Even putting aside the racial issues that are evident in her youth, Maya has beautifully strung together almost 15 years of her life and told a story of the love between family (touching on many different family relationships including estranged parents), and the struggles all young people go through as they grow into adults.

A particularly funny scene for me was when Maya was able to commandeer a standard car reasonably successfully with no experience.

Recommended. ( )
  LanaE | Sep 12, 2009 |
I Know Why the Caged Bird Sings

I Know Why the Caged Bird Sings by Maya Angelou was not what I was expecting. It was interesting, but did not hold my attention like I thought it would.
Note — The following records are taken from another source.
lemma schur_complement_nonneg:
  assumes "finite I" "a \<notin> I" "\<And>i j. S i j = S j i" "\<And>x. 0 \<le> quad_form (insert a I) S x"
  shows "0 \<le> quad_form I (\<lambda>i j. S i j - S i a * S a j / S a a) x"
proof -
  define c where "c = (\<Sum>j\<in>I. S a j * x j)"
  \<comment> \<open>Minimise over the \<open>a\<close>-coordinate; if \<open>S a a = 0\<close>, division by zero makes \<open>y = x(a := 0)\<close>.\<close>
  define y where "y = x(a := - c / S a a)"
  have y_I: "(\<Sum>j\<in>I. S a j * y j) = c" "quad_form I S y = quad_form I S x"
    using assms(2) by (auto simp: c_def y_def quad_form_def intro!: sum.cong)
  have "0 \<le> quad_form (insert a I) S y" by (rule assms(4))
  also have "\<dots> = quad_form I S x - c * c / S a a"
    using y_I by (simp add: quad_form_insert[OF assms(1-3)] y_def)
  also have "c * c / S a a = quad_form I (\<lambda>i j. S i a * S a j / S a a) x"
  proof -
    have "quad_form I (\<lambda>i j. S i a * S a j / S a a) x
        = (\<Sum>i\<in>I. x i * S i a) * (\<Sum>j\<in>I. S a j * x j) / S a a"
      unfolding quad_form_def by (subst sum_product) (simp add: sum_divide_distrib algebra_simps)
    moreover have "(\<Sum>i\<in>I. x i * S i a) = c"
      unfolding c_def using assms(3) by (intro sum.cong) (auto simp: algebra_simps)
    ultimately show ?thesis by (simp add: c_def)
  qed
  also have "quad_form I S x - \<dots> = quad_form I (\<lambda>i j. S i j - S i a * S a j / S a a) x"
    by (simp add: quad_form_def sum_subtractf[symmetric] algebra_simps)
  finally show ?thesis .
qed

lemma psd_factorization:
  assumes "finite I" "\<And>i j. S i j = S j i" "\<And>x. 0 \<le> quad_form I S x"
  shows "\<exists>B. \<forall>i\<in>I. \<forall>j\<in>I. S i j = (\<Sum>k\<in>I. B i k * B j k)"
  using assms
proof (induction I arbitrary: S rule: finite_induct)
  case empty
  then show ?case by simp
next
  case (insert a I)
  note fin = insert.hyps(1) and aI = insert.hyps(2) and sym = insert.prems(1)
  define S' where "S' i j = S i j - S i a * S a j / S a a" for i j
  obtain B where B: "\<And>i j. i \<in> I \<Longrightarrow> j \<in> I \<Longrightarrow> S' i j = (\<Sum>k\<in>I. B i k * B j k)"
  proof -
    have "\<exists>B. \<forall>i\<in>I. \<forall>j\<in>I. S' i j = (\<Sum>k\<in>I. B i k * B j k)"
    proof (rule insert.IH)
      show "S' i j = S' j i" for i j
        unfolding S'_def using sym[of i j] sym[of i a] sym[of a j] by (simp add: algebra_simps)
      show "0 \<le> quad_form I S' x" for x
        unfolding S'_def using fin aI sym insert.prems(2) by (rule schur_complement_nonneg)
    qed
    then show ?thesis using that by blast
  qed
  have "0 \<le> quad_form (insert a I) S (\<lambda>i. if i = a then 1 else 0)"
    by (rule insert.prems(2))
  also have "\<dots> = S a a"
    using fin by (subst quad_form_eq_on_support[where J = "{a}"]) (auto simp: quad_form_def)
  finally have Saa: "0 \<le> S a a" .
  have zero_row: "S a j = 0" if "S a a = 0" "j \<in> I" for j
    by (rule psd_zero_diag_imp_zero_row[of "insert a I", OF _ sym insert.prems(2)]) (use fin that in auto)
  have rank_one: "S i j = S i a * S j a / S a a"
    if "i \<in> insert a I" "j \<in> insert a I" "i = a \<or> j = a" for i j
  proof (cases "S a a = 0")
    case True
    then have "S i j = 0"
      using that zero_row[of i] zero_row[of j] sym[of a j] sym[of i a] by auto
    with True show ?thesis by simp
  next
    case False
    then show ?thesis using that sym[of a j] by auto
  qed
  \<comment> \<open>The first column of the factor is the scaled \<open>a\<close>-column of \<open>S\<close>; the rest factors the Schur complement.\<close>
  define B' where "B' i k = (if k = a then S i a / sqrt (S a a) else if i = a then 0 else B i k)" for i k
  have "S i j = (\<Sum>k\<in>insert a I. B' i k * B' j k)" if ij: "i \<in> insert a I" "j \<in> insert a I" for i j
  proof -
    have "(\<Sum>k\<in>insert a I. B' i k * B' j k) = B' i a * B' j a + (\<Sum>k\<in>I. B' i k * B' j k)"
      using fin aI by simp
    also have "B' i a * B' j a = S i a * S j a / S a a"
      using Saa by (simp add: B'_def)
    finally have split: "(\<Sum>k\<in>insert a I. B' i k * B' j k) = S i a * S j a / S a a + (\<Sum>k\<in>I. B' i k * B' j k)" .
    show ?thesis
    proof (cases "i = a \<or> j = a")
      case True
      have "(\<Sum>k\<in>I. B' i k * B' j k) = 0"
        using True aI by (auto simp: B'_def intro!: sum.neutral)
      then show ?thesis using split rank_one[OF ij True] by linarith
    next
      case False
      then have "(\<Sum>k\<in>I. B' i k * B' j k) = (\<Sum>k\<in>I. B i k * B j k)"
        using aI by (intro sum.cong) (auto simp: B'_def)
      also have "\<dots> = S' i j"
        using False ij B by simp
      finally show ?thesis using split sym[of a j] by (simp add: S'_def)
    qed
  qed
  then show ?case by blast
qed

lemma inner_mult_eq_quad_form: "x \<bullet> (M *v x) = quad_form UNIV (\<lambda>i j. M$i$j) (\<lambda>i. x$i)"
  by (simp add: quad_form_def inner_vec_def matrix_vector_mult_def sum_distrib_left algebra_simps)

lemma psd_imp_factorization:
  fixes S :: "real^'n^'n"
  assumes "psd S"
  shows "\<exists>B::real^'n^'n. B ** transpose B = S"
proof -
  have sym: "S$i$j = S$j$i" for i j
    using assms unfolding psd_def by (metis transpose_def vec_lambda_beta)
  have nonneg: "0 \<le> quad_form UNIV (\<lambda>i j. S$i$j) x" for x
  proof -
    have "0 \<le> (\<chi> i. x i) \<bullet> (S *v (\<chi> i. x i))"
      using assms by (simp add: psd_def)
    then show ?thesis by (simp add: inner_mult_eq_quad_form)
  qed
  obtain B :: "'n \<Rightarrow> 'n \<Rightarrow> real" where B: "\<And>i j. S$i$j = (\<Sum>k\<in>UNIV. B i k * B j k)"
    using psd_factorization[of UNIV "\<lambda>i j. S$i$j", OF finite_class.finite_UNIV sym nonneg] by blast
  have "(\<chi> i k. B i k) ** transpose (\<chi> i k. B i k) = S"
    by (simp add: vec_eq_iff matrix_matrix_mult_def transpose_def B)
  then show ?thesis by blast
qed

section \<open>Inequalities for tanh\<close>

lemma tanh_le_self:
  fixes x :: real
  assumes "0 \<le> x"
  shows "tanh x \<le> x"
proof -
  have "(\<lambda>x. x - tanh x) 0 \<le> (\<lambda>x. x - tanh x) x"
  proof (rule DERIV_nonneg_imp_nondecreasing[OF assms])
    fix y :: real
    show "\<exists>d. ((\<lambda>x. x - tanh x) has_real_derivative d) (at y) \<and> 0 \<le> d"
      by (rule exI[of _ "1 - (1 - tanh y ^ 2)"]) (auto intro!: derivative_eq_intros)
  qed
  then show ?thesis by simp
qed

lemma cosh_le_exp_half_square: "cosh (x::real) \<le> exp (x\<^sup>2 / 2)"
proof -
  have "cosh y \<le> exp (y\<^sup>2 / 2)" if "0 \<le> y" for y :: real
  proof -
    \<comment> \<open>\<open>(y\<^sup>2/2 - ln (cosh y))' = y - tanh y \<ge> 0\<close>\<close>
    have "(\<lambda>x. x\<^sup>2 / 2 - ln (cosh x)) 0 \<le> (\<lambda>x. x\<^sup>2 / 2 - ln (cosh x)) y"
    proof (rule DERIV_nonneg_imp_nondecreasing[OF that])
      fix z :: real assume "0 \<le> z"
      then have "0 \<le> z - sinh z / cosh z"
        using tanh_le_self[of z] by (simp add: tanh_def)
      moreover have "((\<lambda>x. x\<^sup>2 / 2 - ln (cosh x)) has_real_derivative (z - sinh z / cosh z)) (at z)"
        by (auto intro!: derivative_eq_intros simp: field_simps power2_eq_square)
      ultimately show "\<exists>d. ((\<lambda>x. x\<^sup>2 / 2 - ln (cosh x)) has_real_derivative d) (at z) \<and> 0 \<le> d"
        by blast
    qed
    then have "ln (cosh y) \<le> y\<^sup>2 / 2" by simp
    then show ?thesis by (metis cosh_real_pos exp_le_cancel_iff exp_ln)
  qed
  from this[of x] this[of "-x"] show ?thesis
    by (cases "0 \<le> x") auto
qed

lemma tanh_square_le: "(tanh (x::real))\<^sup>2 \<le> 1 - exp (- x\<^sup>2)"
proof -
  have c: "cosh x > 0" by simp
  have "(cosh x)\<^sup>2 \<le> (exp (x\<^sup>2 / 2))\<^sup>2"
    using cosh_le_exp_half_square[of x] c by (intro power_mono) auto
  also have "\<dots> = exp (x\<^sup>2)"
    by (simp add: exp_double[symmetric])
  finally have "exp (- x\<^sup>2) \<le> 1 / (cosh x)\<^sup>2"
    using c by (simp add: exp_minus field_simps)
  moreover have "(tanh x)\<^sup>2 = 1 - 1 / (cosh x)\<^sup>2"
  proof -
    have "(tanh x)\<^sup>2 = (sinh x)\<^sup>2 / (cosh x)\<^sup>2" by (simp add: tanh_def power_divide)
    also have "(sinh x)\<^sup>2 = (cosh x)\<^sup>2 - 1" by (simp add: cosh_square_eq)
    finally show ?thesis using c by (simp add: diff_divide_distrib)
  qed
  ultimately show ?thesis by simp
qed

text \<open>The loss of the second moment under \<open>tanh\<close>: by the previous lemma
  \<open>tanh\<^sup>2 x \<le> x\<^sup>2 - exp_defect (x\<^sup>2)\<close>.\<close>
definition exp_defect :: "real \<Rightarrow> real" where
  "exp_defect u = u - 1 + exp (- u)"

lemma exp_defect_nonneg: "0 \<le> exp_defect u"
  using exp_ge_add_one_self[of "- u"] by (simp add: exp_defect_def)

lemma exp_defect_pos: "0 < u \<Longrightarrow> 0 < exp_defect u"
  using exp_minus_greater[of u] by (simp add: exp_defect_def)

lemma exp_defect_mono:
  assumes "0 \<le> u" "u \<le> v"
  shows "exp_defect u \<le> exp_defect v"
proof -
  have "exp (- u) * (1 - (v - u)) \<le> exp (- u) * exp (- (v - u))"
    using exp_minus_ge[of "v - u"] by (intro mult_left_mono) auto
  also have "\<dots> = exp (- v)" by (simp flip: exp_add)
  finally have "exp (- u) - exp (- v) \<le> exp (- u) * (v - u)" by (simp add: algebra_simps)
  also have "\<dots> \<le> v - u" using assms by (intro mult_left_le_one_le) auto
  finally show ?thesis by (simp add: exp_defect_def)
qed

lemma convex_exp_defect: "convex_on UNIV exp_defect"
  unfolding exp_defect_def
  by (rule f''_ge0_imp_convex[where f'="\<lambda>u. 1 - exp (- u)" and f''="\<lambda>u. exp (- u)"])
     (auto intro!: derivative_eq_intros)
This is Maya Angelou’s autobiography and it follows her as a young black girl growing up in the Deep South. The book started out slow but picked up towards the middle. Being that I am a young dark-skinned girl I could especially relate to Mrs. Angelou. She discusses feeling that she is not as pretty as the light skinned girls, or that her hair isn’t as straight. I have felt all of this at one point.
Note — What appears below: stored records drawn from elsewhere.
lemma anchored_path_decomposition_extend:
  assumes anch: "anchored_path_decomposition A V E C" and X: "X \<in> A" and N: "N \<inter> V = {}"
    and card: "card N \<le> 2" and E': "\<forall>e\<in>E'. e \<subseteq> X \<union> N"
  shows "anchored_path_decomposition A (V \<union> N) (E \<union> E') C"
proof -
  obtain m bag where pd: "path_decomposition V E m bag" and bags: "\<forall>i<m. card (bag i) \<le> C + 2"
    and anchors: "\<forall>X\<in>A. \<exists>i<m. X \<subseteq> bag i \<and> card (bag i) \<le> C"
    using anch unfolding anchored_path_decomposition_def by blast
  obtain q where q: "q < m" "X \<subseteq> bag q" "card (bag q) \<le> C" using anchors X by blast
  let ?bag = "insert_bag_after q (bag q \<union> N) bag"
  have "\<forall>e\<in>E'. e \<subseteq> bag q \<union> N" using E' q(2) by blast
  then have "path_decomposition (V \<union> N) (E \<union> E') (Suc m) ?bag"
    by (rule path_decomposition_insert_bag_after[OF pd q(1) N])
  moreover have "\<forall>i<Suc m. card (?bag i) \<le> C + 2"
  proof -
    have "card (bag q \<union> N) \<le> C + 2" using card_Un_le[of "bag q" N] q(3) card by linarith
    then show ?thesis
      using insert_bag_after_all[of m "\<lambda>B. card B \<le> C + 2", OF bags _ q(1)] by blast
  qed
  moreover have "\<exists>i<Suc m. Y \<subseteq> ?bag i \<and> card (?bag i) \<le> C" if Y: "Y \<in> A" for Y
  proof -
    obtain i where i: "i < m" "Y \<subseteq> bag i" "card (bag i) \<le> C"
      using anchors Y by blast
    moreover obtain i' where "i' < Suc m" "?bag i' = bag i"
      using insert_bag_after_keeps_bags[OF i(1), of q "bag q \<union> N"] by blast
    ultimately show ?thesis by (intro exI[of _ i']) simp
  qed
  ultimately show ?thesis
    unfolding anchored_path_decomposition_def by blast
qed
The book describes life in the south for blacks during the 1950s and 1960s, this seems like a common and often time overused topic in literature, but I like the view Mrs. Angelou took. She didn’t just focus on how she was mistreated because of her skin color, but she gives the reader a lot of background information, for example what her family life was like. She talked about what it was like to grow up with her grandmother, brother, and uncle. I enjoyed the personality she gave to each of her characters, this helped me to better relate to the story as a whole.
Although I feel like I could relate to the story, I feel that Mrs. Angelou never introduces a concrete plot. Instead she jumps around and discusses different topics. First she talks about her insecurities about her skin color, then her relationship with her mother, then the school she goes to. This caused me to get a little confused a different part of the books. Now as I reflect back, I realize that since it’s a autobiography about her life, it’s not something that will necessarily all make sense to the reader.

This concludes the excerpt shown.